START Provided records

lemma nn_integral_score:
  assumes q: "\<And>u. 0 \<le> q u" "\<And>u. q u \<le> 1" and P: "finite P" "P \<subseteq> {1..}"
    and p: "0 \<le> p" "p \<le> 1" "\<And>u. u \<in> P \<Longrightarrow> q u = p" and \<phi>: "\<And>x. 0 \<le> \<phi> x"
  shows "(\<integral>\<^sup>+S. score \<phi> n P S \<partial>PiM {..<n} (\<lambda>_. Prod q))
       = ennreal ((\<phi> True * p + \<phi> False * (1 - p)) ^ (card P * n))"
proof -
  have base: "0 \<le> \<phi> True * p + \<phi> False * (1 - p)"
    using p \<phi> by simp
  have "ennreal (score \<phi> n P S) = (\<Prod>i<n. \<Prod>u\<in>P. (\<lambda>u x. ennreal (\<phi> x)) u (S i u))" for S
    unfolding score_def using \<phi> by (simp add: prod_ennreal prod_nonneg)
  then have "(\<integral>\<^sup>+S. score \<phi> n P S \<partial>PiM {..<n} (\<lambda>_. Prod q))
      = (\<integral>\<^sup>+S. (\<Prod>i<n. \<Prod>u\<in>P. (\<lambda>u x. ennreal (\<phi> x)) u (S i u)) \<partial>PiM {..<n} (\<lambda>_. Prod q))"
    by (simp only:)
  also have "\<dots> = (\<Prod>u\<in>P. ennreal (\<phi> True) * ennreal (q u) + ennreal (\<phi> False) * ennreal (1 - q u)) ^ n"
    by (rule nn_integral_PiM_Prod_prod[OF q P(1,2)])
  also have "\<dots> = (\<Prod>u\<in>P. ennreal (\<phi> True * p + \<phi> False * (1 - p))) ^ n"
    using p \<phi> by (intro arg_cong[where f="\<lambda>x. x ^ n"] prod.cong refl)
      (simp add: ennreal_mult ennreal_plus[symmetric])
  also have "\<dots> = ennreal ((\<phi> True * p + \<phi> False * (1 - p)) ^ (card P * n))"
    using base by (simp add: prod_ennreal ennreal_power power_mult)
  finally show ?thesis .
qed

lemma emeasure_score_ge:
  fixes n :: nat
  assumes q: "\<And>u. 0 \<le> q u" "\<And>u. q u \<le> 1" and P: "finite P" "P \<subseteq> {1..}"
    and p: "0 \<le> p" "p \<le> 1" "\<And>u. u \<in> P \<Longrightarrow> q u = p" and \<phi>: "\<And>x. 0 \<le> \<phi> x"
    and c: "0 < c"
  defines "M \<equiv> PiM {..<n} (\<lambda>_. Prod q)"
  shows "emeasure M {S \<in> space M. c \<le> score \<phi> n P S}
           \<le> ennreal ((\<phi> True * p + \<phi> False * (1 - p)) ^ (card P * n) / c)"
proof -
  have "emeasure M {S \<in> space M. c \<le> score \<phi> n P S} \<le> ennreal (1 / c) * (\<integral>\<^sup>+S. score \<phi> n P S \<partial>M)"
    unfolding M_def by (intro emeasure_ge_le_nn_integral measurable_score_PiM_Prod P c)
  also have "\<dots> = ennreal (1 / c) * ennreal ((\<phi> True * p + \<phi> False * (1 - p)) ^ (card P * n))"
    unfolding M_def by (simp only: nn_integral_score[OF q P p \<phi>])
  also have "\<dots> = ennreal ((\<phi> True * p + \<phi> False * (1 - p)) ^ (card P * n) / c)"
    using c by (subst ennreal_mult'[symmetric]) simp_all
  finally show ?thesis .
qed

END Provided records

Wherever a line above includes the string "unfolding", count it; give only the final tally.

* **Completed exercise**
3